Greetings from Japan!


The let lag is starting to get to me so I've decided to blog rather than wake everyone up by showering. I'm drinking 100% milk while I write it, and wow, it is delicious! Getting on topic, visiting Japan has provided me new, unique way to experience Slaughterhouse-Five. On the flight here, I lost a day and returning I will gain it back, it is definitely a strange feeling, let alone trying to talk to family and friends back home at a reasonable time, as Japan is 14 hours ahead of Windsor's time zone. Perhaps it is a similar feeling to what Billy Pilgrim experienced! More importantly however, with the recent earthquakes, the messages of Slaughterhouse-Five hold even more importance. When the strongest earthquake hit, my mother, my two younger cousins and I were on the subway platform waiting for a transfer, after visiting the National historical museum. I'm lucky to not have been on the train or at my relative's, as both places would have been much more dangerous. Similar to Billy waiting to be shot by the sniper, while everything shook I stood there with a very blank expression. Tokyo tower rocked like a pendulum. It was nauseating. Then with all the deaths due to the earthquake and following tsunamis, I'm ever more grateful I wasn't father north. Anyways, I feel like one very lucky Billy today, so perhaps I'll be lucky again so that the trains will open so I can continue my journey to Kyoto. Oh by the way, I'm perfectly fine and safe.

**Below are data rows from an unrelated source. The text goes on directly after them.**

(* Let $p>2$ and let $r=p/(p-1)$. Let $x=\sum_{i=1}^m\lambda_ie_i\in\mathbb{R}^m$ with $\|x\|_p=1$ and $\lambda_i\neq0$ for all $i\in\{1,\dots,m\}$, and let $d\in\mathbb{R}^m$ be given by $d_i=\operatorname{sign}(\lambda_i)|\lambda_i|^{p-1}$ (the unique vector with $\|d\|_r=1$ in the normal cone of the unit $\ell_p$ ball at $x$). Then there exists $\alpha>0$ such that the unit $\ell_p$ ball $\ell_p(1)=\{y:\|y\|_p\leq1\}$ is $(\alpha,2)$-locally uniformly convex at $x$ with respect to $d$, i.e. for every $\epsilon\in[0,2]$, $\inf\{\langle d,x-y\rangle: y\in\ell_p(1),\ \|x-y\|_p\geq\epsilon\}\geq\alpha\epsilon^2$; equivalently, $\langle d,x-y\rangle\geq\alpha\|x-y\|_p^2$ for all $y\in\ell_p(1)$.
   Context: $e_1,\dots,e_m$ is the canonical basis of $\mathbb{R}^m$ and $\|\cdot\|_p$ the $\ell_p$ norm; its dual norm is $\|\cdot\|_r$ with $1/p+1/r=1$. *)

theory Defs
  imports "HOL-Analysis.Analysis"
begin

definition lp_norm :: "real \<Rightarrow> real^'m \<Rightarrow> real" where
  "lp_norm p x = (\<Sum>i\<in>UNIV. \<bar>x $ i\<bar> powr p) powr (1 / p)"

definition lp_ball :: "real \<Rightarrow> (real^'m) set" where
  "lp_ball p = {y. lp_norm p y \<le> 1}"

text \<open>(alpha,q)-local uniform convexity of K at x w.r.t. d, measured in the norm nrm:
  for every eps in [0,2], the infimum of <d, x - y> over y in K with nrm (x - y) \<ge> eps
  is at least alpha * eps^q (infimum of the empty set read as +infinity).\<close>
definition locally_uniformly_convex_at ::
  "real \<Rightarrow> nat \<Rightarrow> (real^'m) set \<Rightarrow> (real^'m \<Rightarrow> real) \<Rightarrow> real^'m \<Rightarrow> real^'m \<Rightarrow> bool" where
  "locally_uniformly_convex_at \<alpha> q K nrm x d \<longleftrightarrow>
     (\<forall>\<epsilon>\<in>{0..2}. \<forall>y\<in>K. nrm (x - y) \<ge> \<epsilon> \<longrightarrow> d \<bullet> (x - y) \<ge> \<alpha> * \<epsilon> ^ q)"

end

theory Submission
  imports Defs
begin

text \<open>For p > 2 the function t \<mapsto> |t|^p lies above its tangent at a \<noteq> 0 by a quadratic
  c(a) (t - a)^2 on the window |t - a| \<le> 2, which contains every coordinate of a point of the
  unit ball: for t \<ge> a/2 by Taylor's theorem, since the second derivative of t^p is bounded
  below there, and for t < a/2 because the tangent line already drops below -|a|^p. Summing over
  the coordinates and using \<Sum> |y_i|^p \<le> 1 = \<Sum> |x_i|^p gives
  c \<parallel>x - y\<parallel>_2^2 \<le> p \<langle>d, x - y\<rangle> for every y in the ball, with c the least of the c(x_i);
  finally \<parallel>v\<parallel>_p \<le> m^(1/p) \<parallel>v\<parallel>_2.\<close>

lemma powr_ge_second_order_Taylor:
  fixes p a t :: real
  assumes p: "p \<ge> 2" and a: "a > 0" and t: "t \<ge> a / 2"
  shows "t powr p \<ge> a powr p + p * a powr (p - 1) * (t - a)
                     + p * (p - 1) / 2 * (a / 2) powr (p - 2) * (t - a)\<^sup>2"
proof (cases "t = a")
  case True
  then show ?thesis by simp
next
  case False
  define f where "f = (\<lambda>m::nat. \<lambda>s::real. if m = 0 then s powr p
      else if m = 1 then p * s powr (p - 1) else p * (p - 1) * s powr (p - 2))"
  have f_deriv: "DERIV (f m) s :> f (Suc m) s" if "m < 2" and s: "s > 0" for m s
  proof (cases "m = 0")
    case True
    then show ?thesis unfolding f_def using has_real_derivative_powr[OF s, of p] by simp
  next
    case False
    with \<open>m < 2\<close> have "m = 1" by simp
    have "DERIV (\<lambda>s. p * s powr (p - 1)) s :> p * ((p - 1) * s powr (p - 1 - 1))"
      by (intro DERIV_cmult has_real_derivative_powr s)
    then show ?thesis unfolding f_def using \<open>m = 1\<close> by (simp add: algebra_simps)
  qed
  obtain \<xi> where \<xi>: "if t < a then t < \<xi> \<and> \<xi> < a else a < \<xi> \<and> \<xi> < t"
    and expansion: "f 0 t = (\<Sum>m<2. f m a / fact m * (t - a) ^ m) + f 2 \<xi> / fact 2 * (t - a) ^ 2"
    using Taylor[of 2 f "f 0" "a / 2" "max t a" a t] f_deriv a t False by force
  have "\<xi> \<ge> a / 2"
    using \<xi> t a by (auto split: if_splits)
  then have "(a / 2) powr (p - 2) \<le> \<xi> powr (p - 2)"
    using a p by (intro powr_mono2) auto
  then have "p * (p - 1) / 2 * (a / 2) powr (p - 2) * (t - a)\<^sup>2
               \<le> p * (p - 1) / 2 * \<xi> powr (p - 2) * (t - a)\<^sup>2"
    using p by (intro mult_right_mono mult_left_mono) auto
  moreover have "t powr p = a powr p + p * a powr (p - 1) * (t - a)
                              + p * (p - 1) / 2 * \<xi> powr (p - 2) * (t - a)\<^sup>2"
    using expansion by (simp add: f_def numeral_2_eq_2)
  ultimately show ?thesis by linarith
qed

text \<open>The first term serves points t < a/2, the second is the Taylor bound of the lemma above.\<close>
definition abs_powr_convexity_const :: "real \<Rightarrow> real \<Rightarrow> real" where
  "abs_powr_convexity_const p a =
     min ((p / 2 - 1) * a powr p / 4) (p * (p - 1) / 2 * (a / 2) powr (p - 2))"

lemma abs_powr_convexity_const_pos:
  "p > 2 \<Longrightarrow> a > 0 \<Longrightarrow> abs_powr_convexity_const p a > 0"
  unfolding abs_powr_convexity_const_def by auto

lemma powr_ge_tangent_plus_quadratic:
  fixes p a t :: real
  assumes p: "p > 2" and a: "a > 0" and t: "\<bar>t - a\<bar> \<le> 2"
  shows "\<bar>t\<bar> powr p \<ge> a powr p + p * a powr (p - 1) * (t - a)
                        + abs_powr_convexity_const p a * (t - a)\<^sup>2"
proof (cases "t \<ge> a / 2")
  case True
  have "abs_powr_convexity_const p a * (t - a)\<^sup>2 \<le> p * (p - 1) / 2 * (a / 2) powr (p - 2) * (t - a)\<^sup>2"
    unfolding abs_powr_convexity_const_def by (intro mult_right_mono) auto
  moreover have "\<bar>t\<bar> = t"
    using True a by simp
  ultimately show ?thesis
    using powr_ge_second_order_Taylor[of p a t] p a True by linarith
next
  case False
  have "p * a powr (p - 1) * (t - a) \<le> p * a powr (p - 1) * (- a / 2)"
    using False p a by (intro mult_left_mono) auto
  also have "\<dots> = - (p / 2) * a powr p"
    using a by (simp add: powr_diff field_simps)
  finally have tangent: "p * a powr (p - 1) * (t - a) \<le> - (p / 2) * a powr p" .
  have "(t - a)\<^sup>2 \<le> 4"
    using t abs_le_square_iff[of "t - a" 2] by simp
  then have "abs_powr_convexity_const p a * (t - a)\<^sup>2 \<le> abs_powr_convexity_const p a * 4"
    using abs_powr_convexity_const_pos[OF p a] by (intro mult_left_mono) auto
  also have "\<dots> \<le> (p / 2 - 1) * a powr p / 4 * 4"
    unfolding abs_powr_convexity_const_def by (intro mult_right_mono min.cobounded1) simp
  also have "\<dots> = (p / 2 - 1) * a powr p"
    by simp
  finally have "abs_powr_convexity_const p a * (t - a)\<^sup>2 \<le> (p / 2 - 1) * a powr p" .
  moreover have "a powr p - (p / 2) * a powr p + (p / 2 - 1) * a powr p = 0"
    by (simp add: algebra_simps)
  ultimately show ?thesis
    using tangent powr_ge_zero[of "\<bar>t\<bar>" p] by linarith
qed

lemma abs_powr_ge_tangent_plus_quadratic:
  fixes p a t :: real
  assumes p: "p > 2" and a: "a \<noteq> 0" and t: "\<bar>t - a\<bar> \<le> 2"
  shows "\<bar>t\<bar> powr p \<ge> \<bar>a\<bar> powr p + p * (sgn a * \<bar>a\<bar> powr (p - 1)) * (t - a)
                        + abs_powr_convexity_const p \<bar>a\<bar> * (t - a)\<^sup>2"
proof (cases "a > 0")
  case True
  then show ?thesis
    using powr_ge_tangent_plus_quadratic[OF p True t] by simp
next
  case False
  with a have "- a > 0" and "\<bar>a\<bar> = - a" and "sgn a = - 1"
    by auto
  moreover have "\<bar>- t - - a\<bar> \<le> 2"
    using t by simp
  ultimately show ?thesis
    using powr_ge_tangent_plus_quadratic[OF p \<open>- a > 0\<close>, of "- t"]
    by (simp add: algebra_simps power2_eq_square)
qed

lemma sum_abs_powr_ge_tangent_plus_quadratic:
  fixes x y :: "real^'m"
  assumes p: "p > 2" and x: "\<forall>i. x $ i \<noteq> 0" and close: "\<And>i. \<bar>y $ i - x $ i\<bar> \<le> 2"
    and c: "\<And>i. c \<le> abs_powr_convexity_const p \<bar>x $ i\<bar>"
  shows "(\<Sum>i\<in>UNIV. \<bar>y $ i\<bar> powr p) \<ge> (\<Sum>i\<in>UNIV. \<bar>x $ i\<bar> powr p)
           - p * ((\<chi> i. sgn (x $ i) * \<bar>x $ i\<bar> powr (p - 1)) \<bullet> (x - y)) + c * (norm (x - y))\<^sup>2"
proof -
  define d :: "real^'m" where "d = (\<chi> i. sgn (x $ i) * \<bar>x $ i\<bar> powr (p - 1))"
  have "\<bar>x $ i\<bar> powr p - p * (d $ i * (x $ i - y $ i)) + c * ((x - y) $ i * (x - y) $ i)
          \<le> \<bar>y $ i\<bar> powr p" for i
  proof -
    have "c * (y $ i - x $ i)\<^sup>2 \<le> abs_powr_convexity_const p \<bar>x $ i\<bar> * (y $ i - x $ i)\<^sup>2"
      using c by (intro mult_right_mono) auto
    with abs_powr_ge_tangent_plus_quadratic[OF p x[rule_format] close, of i]
    show ?thesis
      unfolding d_def by (simp add: algebra_simps power2_eq_square)
  qed
  then have "(\<Sum>i\<in>UNIV. \<bar>x $ i\<bar> powr p - p * (d $ i * (x $ i - y $ i)) + c * ((x - y) $ i * (x - y) $ i))
               \<le> (\<Sum>i\<in>UNIV. \<bar>y $ i\<bar> powr p)"
    by (rule sum_mono)
  then show ?thesis
    unfolding d_def[symmetric] dot_square_norm[symmetric]
    by (simp add: inner_vec_def sum.distrib sum_subtractf sum_distrib_left)
qed

lemma lp_norm_nonneg: "lp_norm p v \<ge> 0"
  unfolding lp_norm_def by simp

lemma lp_norm_powr:
  "p > 0 \<Longrightarrow> lp_norm p v powr p = (\<Sum>i\<in>UNIV. \<bar>v $ i\<bar> powr p)"
  unfolding lp_norm_def by (simp add: powr_powr sum_nonneg)

lemma abs_component_le_lp_norm:
  assumes "p > 0"
  shows "\<bar>v $ i\<bar> \<le> lp_norm p v"
proof -
  have "\<bar>v $ i\<bar> = (\<bar>v $ i\<bar> powr p) powr (1 / p)"
    using assms by (simp add: powr_powr)
  also have "\<dots> \<le> lp_norm p v"
    unfolding lp_norm_def using assms by (intro powr_mono2 member_le_sum) auto
  finally show ?thesis .
qed

lemma lp_norm_le_card_powr_norm:
  fixes v :: "real^'m"
  assumes p: "p > 0"
  shows "lp_norm p v \<le> real CARD('m) powr (1 / p) * norm v"
proof -
  have "(\<Sum>i\<in>UNIV. \<bar>v $ i\<bar> powr p) \<le> (\<Sum>i\<in>(UNIV::'m set). norm v powr p)"
    using p by (intro sum_mono powr_mono2 component_le_norm_cart) auto
  then have "lp_norm p v \<le> (real CARD('m) * norm v powr p) powr (1 / p)"
    unfolding lp_norm_def using p by (intro powr_mono2) (auto intro: sum_nonneg)
  also have "\<dots> = real CARD('m) powr (1 / p) * norm v"
    using p by (simp add: powr_mult powr_powr)
  finally show ?thesis .
qed

lemma lp_ball_inner_ge_norm_sq:
  fixes x :: "real^'m"
  assumes p: "p > 2" and x_norm: "lp_norm p x = 1" and x: "\<forall>i. x $ i \<noteq> 0"
  obtains c where "c > 0" and "\<And>y. y \<in> lp_ball p \<Longrightarrow>
    c * (norm (x - y))\<^sup>2 \<le> (\<chi> i. sgn (x $ i) * \<bar>x $ i\<bar> powr (p - 1)) \<bullet> (x - y)"
proof
  define c where "c = Min (range (\<lambda>i. abs_powr_convexity_const p \<bar>x $ i\<bar>))"
  have "c \<in> range (\<lambda>i. abs_powr_convexity_const p \<bar>x $ i\<bar>)"
    unfolding c_def by (intro Min_in) auto
  then show "c / p > 0"
    using abs_powr_convexity_const_pos[OF p] x p by auto
  have c_le: "c \<le> abs_powr_convexity_const p \<bar>x $ i\<bar>" for i
    unfolding c_def by (auto intro: Min_le)
  fix y :: "real^'m"
  assume "y \<in> lp_ball p"
  then have y_norm: "lp_norm p y \<le> 1"
    unfolding lp_ball_def by simp
  have "(\<Sum>i\<in>UNIV. \<bar>y $ i\<bar> powr p) = lp_norm p y powr p"
    using p lp_norm_powr[of p y] by simp
  also have "\<dots> \<le> 1"
    using y_norm p lp_norm_nonneg[of p y] by (intro powr_le1) auto
  finally have "(\<Sum>i\<in>UNIV. \<bar>y $ i\<bar> powr p) \<le> 1" .
  moreover have "(\<Sum>i\<in>UNIV. \<bar>x $ i\<bar> powr p) = 1"
    using p x_norm lp_norm_powr[of p x] by simp
  moreover have close: "\<bar>y $ i - x $ i\<bar> \<le> 2" for i
    using abs_component_le_lp_norm[of p y i] abs_component_le_lp_norm[of p x i] x_norm y_norm p
    by (smt (verit))
  ultimately show "c / p * (norm (x - y))\<^sup>2 \<le> (\<chi> i. sgn (x $ i) * \<bar>x $ i\<bar> powr (p - 1)) \<bullet> (x - y)"
    using sum_abs_powr_ge_tangent_plus_quadratic[OF p x close c_le] p
    by (simp add: field_simps)
qed

lemma locally_uniformly_convex_atI:
  assumes "\<alpha> \<ge> 0"
    and "\<And>y. y \<in> K \<Longrightarrow> \<alpha> * nrm (x - y) ^ q \<le> d \<bullet> (x - y)"
  shows "locally_uniformly_convex_at \<alpha> q K nrm x d"
  unfolding locally_uniformly_convex_at_def
proof (intro ballI impI)
  fix \<epsilon> y
  assume "\<epsilon> \<in> {0..2}" and "y \<in> K" and "nrm (x - y) \<ge> \<epsilon>"
  then have "\<alpha> * \<epsilon> ^ q \<le> \<alpha> * nrm (x - y) ^ q"
    using assms(1) by (intro mult_left_mono power_mono) auto
  with assms(2)[OF \<open>y \<in> K\<close>] show "\<alpha> * \<epsilon> ^ q \<le> d \<bullet> (x - y)"
    by linarith
qed

theorem mainTheorem2:
  fixes p :: real and x :: "real^'m"
  assumes "p > 2"
    and "lp_norm p x = 1"
    and "\<forall>i. x $ i \<noteq> 0"
  shows "\<exists>\<alpha>>0. locally_uniformly_convex_at \<alpha> 2 (lp_ball p) (lp_norm p) x
           (\<chi> i. sgn (x $ i) * \<bar>x $ i\<bar> powr (p - 1))"
proof -
  define d :: "real^'m" where "d = (\<chi> i. sgn (x $ i) * \<bar>x $ i\<bar> powr (p - 1))"
  obtain c where "c > 0" and c: "\<And>y. y \<in> lp_ball p \<Longrightarrow> c * (norm (x - y))\<^sup>2 \<le> d \<bullet> (x - y)"
    using lp_ball_inner_ge_norm_sq[OF assms] unfolding d_def by blast
  define C where "C = real CARD('m) powr (1 / p)"
  have "C > 0"
    unfolding C_def by simp
  have "c / C\<^sup>2 * (lp_norm p (x - y))\<^sup>2 \<le> d \<bullet> (x - y)" if "y \<in> lp_ball p" for y
  proof -
    have "(lp_norm p (x - y))\<^sup>2 \<le> (C * norm (x - y))\<^sup>2"
      using lp_norm_le_card_powr_norm[of p "x - y"] \<open>p > 2\<close>
      unfolding C_def by (intro power_mono lp_norm_nonneg) auto
    then have "c / C\<^sup>2 * (lp_norm p (x - y))\<^sup>2 \<le> c * (norm (x - y))\<^sup>2"
      using \<open>c > 0\<close> \<open>C > 0\<close> by (simp add: field_simps power_mult_distrib)
    with c[OF that] show ?thesis
      by linarith
  qed
  then have "locally_uniformly_convex_at (c / C\<^sup>2) 2 (lp_ball p) (lp_norm p) x d"
    using \<open>c > 0\<close> by (intro locally_uniformly_convex_atI) auto
  moreover have "c / C\<^sup>2 > 0"
    using \<open>c > 0\<close> \<open>C > 0\<close> by simp
  ultimately show ?thesis
    unfolding d_def by blast
qed

end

There's so many more connections to Slaughterhouse I just can't mention all of them! I'll blog again soon, and actually do a writing assignment... in the meanwhile, I'm going to make more rice.


Have a great march break everyone!


Marie

Saturday 5 March 2011

Slaughterhouse-Five Censorship by Marié

Where and why was Slaughterhouse-Five banned in America?


  • Banned in Rochester, Mich. because the novel "contains and makes references to religious matters"
  • Banned in Levittown, NY (1975), North Jackson, Ohio (1979), and Lakeland, Fla. (1982) because of the "book's explicit sexual scenes, violence, and obscene language." 
  • Banned from the Fitzgerald, Ga. schools (1987) because it was "filled with profanity and full of explicit sexual references." 
  • Restricted to students who have parental permission at the four Racine, Wis. Unified District high school libraries (1986) because of "language used in the book, depictions of torture, ethnic slurs, and negative portrayal of women."
  • Challenged at the Owensboror, Ky. High School library (1985) because of "foul language, a section depicting a picture of an act of bestiality, a reference to 'Magic Fingers' attached to the protagonist's bed to help him sleep, and the sentence: 'The gun made a ripping sound like the opening of the fly of God Almighty.'" 
  • Challenged in the LaRue County, Ky. High School library (1987) because "the book contains foul language and promotes deviant sexual behavior."  
  • Challenged in the Baton Rouge, La. public high school libraries (1988) because the book is "vulgar and offensive." 
  • Challenged in the Monroe, Mich. public schools (1989) as required reading in a modern novel course for high school juniors and seniors because of the book's language and the way women are portrayed.
  • an obvious anti-American sentiment, unpatriotic
Religious Matters
I personally think that reference to religion should cause the censorship or a novel, and especially in Slaughterhouse-Five, there is nothing overtly offensive. Unless a novel contains material propagating hate about a religious sect or people, similar to Nazism, a novel should not be censored for questioning belief systems. If someone is convinced in their beliefs they should be able to defend themselves from the doubts of others, and only make them stronger in their faith.

Sexually Explicit
Sex is natural, and we all learn about it or do it someday! I don't understand why very young people would be reading this book, and if they were, they are clearly at a level of maturity that they can handle some sexual material. Otherwise, don't read it.

Obscene Language
Similarly to sexual material, we will all come across obscene language at some point in our lives, whether it is in Slaughterhouse-Five or while watching TV. If you can't handle the language, once again, put the book down.

Sexism
Now this is one that can be debated, and I am particularly sympathetic to this reason, as I am female. However, books with sexist undertones of the past should not be banned nor censored as a reminder of the social and political progression we have seen, and how wrong it really is. Slaughterhouse-Five, I do not find offensive, women just seem very archetypal,  but I don't think that is justification to ban the novel. Besides, Slaughterhouse is a war book, and men fought the wars Vonnegut experienced. Women did much on the home-front, but the novel is more focussed on the tragedy of the front-lines.

Anti-American Sentiment
Although there isn't official documentation that this was used as a reason to ban the book, it is a wrong reason to do so. If the American Government was truly confident of themselves, and open about their dealings, small comments in a novel should not concern them. However, if a novel does bring light to political controversy, citizens should be encouraged to read it and set things right. Unfortunately, there is the problem of insulting veterans and the families of those who lost loved ones in war, but as Vonnegut experienced the war in similar ways, he should be allowed to say what he wants. If you can't handle unpatriotic literature, don't read it.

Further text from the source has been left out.